Молодые люди лежат в тени старой липы. Магическое очарование сверкающего полдня побуждает приятелей к совершенно немецкому натурфилософскому спору о природе и о том, как относится к ней человек: включен ли он в нее или противостоит ей. Может быть, само размещение друзей «под липой» должно навеять ассоциацию с названием берлинской улицы Unter der Linden («под липами»). В берлинском кружке Станкевича в философских спорах прошла студенческая юность Тургенева. Разговоры о природе, которые ведут Берсенев с Шубиным, не имеют отношения к гегельянству, которым увлекались в кружке Станкевича: известно, что гегельянство не затронуло Тургенева глубоко, он отказался от него уже в конце 1840-х во имя собственной философии природы как ледяной, грозной или равнодушной стихии, в которой затерян человек. Философию эту, лучше всего выраженную в рассказе «Поездка в Полесье» (1853), часто называют предвосхищением экзистенциализма. Зеньковский считал, что влияние Шопенгауэра на Тургенева не надо переоценивать, скорее всего Тургенев с ним отчасти конвергировал, совпадая в переживании трагизма существования, но не в представлении о слепой воле как источнике жизни.
Берсенев относится к природе с недоверием, он подозревает, что человеку мало того, что она может дать, – потребно нечто иное:
– Заметил ли ты, <…> какое странное чувство возбуждает в нас природа? Все в ней так полно, так ясно, я хочу сказать, так удовлетворено собою, и мы это понимаем и любуемся этим, и в то же время она, по крайней мере во мне, всегда возбуждает какое-то беспокойство, какую-то тревогу, даже грусть. Что это значит? Сильнее ли сознаем мы перед нею, перед ее лицом, всю нашу неполноту, нашу неясность, или же нам мало того удовлетворения, каким она довольствуется, а другого, то есть я хочу сказать, того, чего нам нужно, у нее нет? (3, 11–12).
Берсенев, ощущающий свою неполноту, томится по духовному, высшему началу: возможно, у него, страдающего робостью и неуверенностью перед женщинами, был повод разочароваться в собственной «природности». Пребывающий в ладу с собой явный материалист Шубин призывает его играть по земным правилам: «Займи свое место в пространстве, будь телом». Ведь Шубин скульптор и называет себя «мясником», – красота для него телесна.
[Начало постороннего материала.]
definition link_avoiding :: "'a set set \<Rightarrow> 'a \<Rightarrow> 'a \<Rightarrow> 'a \<Rightarrow> 'a set" where
  "link_avoiding H a b z = {x. {a, z, x} \<in> H \<and> b \<notin> {a, z, x}}"

lemma no_isolated_graph_on_link_avoiding:
  assumes u3: "uniform3 V H"
  shows "no_isolated_graph_on (common_nbrs_apart H a b) (link_avoiding H a b)"
  unfolding no_isolated_graph_on_def
proof (intro ballI conjI)
  fix z assume z: "z \<in> common_nbrs_apart H a b"
  then obtain f where f: "f \<in> H" "{a, z} \<subseteq> f" "b \<notin> f"
    unfolding common_nbrs_apart_def by blast
  have "a \<noteq> z"
    using z unfolding common_nbrs_apart_def by blast
  obtain x where "f = {a, z, x}"
    by (rule uniform3_edge_through_pair[OF u3 f(1) _ _ \<open>a \<noteq> z\<close>]) (use f(2) in auto)
  then show "link_avoiding H a b z \<noteq> {}"
    using f unfolding link_avoiding_def by blast
  show "z \<notin> link_avoiding H a b z"
    using uniform3_edge_distinct[OF u3] unfolding link_avoiding_def by fastforce
  fix z' assume "z' \<in> common_nbrs_apart H a b"
  show "z' \<in> link_avoiding H a b z \<longleftrightarrow> z \<in> link_avoiding H a b z'"
    unfolding link_avoiding_def by (auto simp: insert_commute)
qed

lemma link_avoiding_trace_edge:
  assumes u3: "uniform3 V H" and x: "x \<in> link_avoiding H a b s" and "s \<in> S" "x \<notin> S"
  shows "{a, s, x} \<in> H" "{a, s, x} \<inter> insert a (insert b S) = {a, s}"
proof -
  show "{a, s, x} \<in> H"
    using x unfolding link_avoiding_def by simp
  then have "x \<noteq> a"
    using uniform3_edge_distinct[OF u3] by fastforce
  then show "{a, s, x} \<inter> insert a (insert b S) = {a, s}"
    using x assms(3,4) unfolding link_avoiding_def by auto
qed

lemma contains_K2t_trace_of_links:
  assumes u3: "uniform3 V H" and ab: "a \<noteq> b" "a \<in> V" "b \<in> V"
    and S: "S \<subseteq> common_nbrs_apart H a b" "card S = t"
    and outside: "\<forall>s\<in>S. \<not> link_avoiding H a b s \<subseteq> S \<and> \<not> link_avoiding H b a s \<subseteq> S"
  shows "contains_trace V H (K2t_verts t) (K2t_edges t)"
proof (rule contains_K2t_traceI[OF ab])
  show "S \<subseteq> V"
    using S(1) common_nbrs_apart_subset[OF u3] by blast
  show "finite S"
    using S(1) finite_common_nbrs_apart[OF u3] by (rule finite_subset)
  show "card S = t" "a \<notin> S" "b \<notin> S"
    using S unfolding common_nbrs_apart_def by auto
  fix c s assume "c \<in> {a, b}" "s \<in> S"
  then consider "c = a" | "c = b"
    by blast
  then show "\<exists>f\<in>H. f \<inter> insert a (insert b S) = {c, s}"
  proof cases
    case 1
    obtain x where x: "x \<in> link_avoiding H a b s" "x \<notin> S"
      using outside \<open>s \<in> S\<close> by blast
    show ?thesis
      using link_avoiding_trace_edge[OF u3 x(1) \<open>s \<in> S\<close> x(2)] 1 by blast
  next
    case 2
    obtain x where x: "x \<in> link_avoiding H b a s" "x \<notin> S"
      using outside \<open>s \<in> S\<close> by blast
    show ?thesis
      using link_avoiding_trace_edge[OF u3 x(1) \<open>s \<in> S\<close> x(2)] 2 by (metis insert_commute)
  qed
qed

lemma card_common_nbrs_apart_le:
  assumes u3: "uniform3 V H" and no_trace: "\<not> contains_trace V H (K2t_verts t) (K2t_edges t)"
    and "a \<noteq> b"
  shows "card (common_nbrs_apart H a b) \<le> 3 * t - 3"
proof (rule ccontr)
  let ?Y = "common_nbrs_apart H a b"
  assume "\<not> ?thesis"
  then have "3 * t \<le> card ?Y + 2" "?Y \<noteq> {}"
    by auto
  then have "a \<in> V" "b \<in> V"
    using u3 unfolding common_nbrs_apart_def uniform3_def by blast+
  obtain S where "S \<subseteq> ?Y" "card S = t"
      "\<forall>s\<in>S. \<not> link_avoiding H a b s \<subseteq> S \<and> \<not> link_avoiding H b a s \<subseteq> S"
    using exists_subset_with_nbrs_outside[OF finite_common_nbrs_apart[OF u3]
        no_isolated_graph_on_link_avoiding[OF u3]
        no_isolated_graph_on_link_avoiding[OF u3, of b a, folded common_nbrs_apart_commute]
        \<open>3 * t \<le> card ?Y + 2\<close>]
    by blast
  with contains_K2t_trace_of_links[OF u3 \<open>a \<noteq> b\<close> \<open>a \<in> V\<close> \<open>b \<in> V\<close>] no_trace show False
    by blast
qed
Вдобавок его отталкивает ученый жаргон в приложении к вещам живым и прекрасным: «Да и что такое, к чему природа? Ты послушай сам: любовь… какое сильное, горячее слово! Природа… какое холодное, школьное выражение!» (3, 12). Любовь явно не разочаровала его.
В ответ Берсенев высказывает свой страх перед жизнью в выражениях, напоминающих гнетущие описания леса в «Поездке в Полесье» (1853).
– Она (природа) также грозит нам; она напоминает о страшных… да, о недоступных тайнах. Не она ли должна поглотить нас, не беспрестанно ли она поглощает нас? В ней и жизнь и смерть; и смерть в ней так же громко говорит, как и жизнь (3, 13).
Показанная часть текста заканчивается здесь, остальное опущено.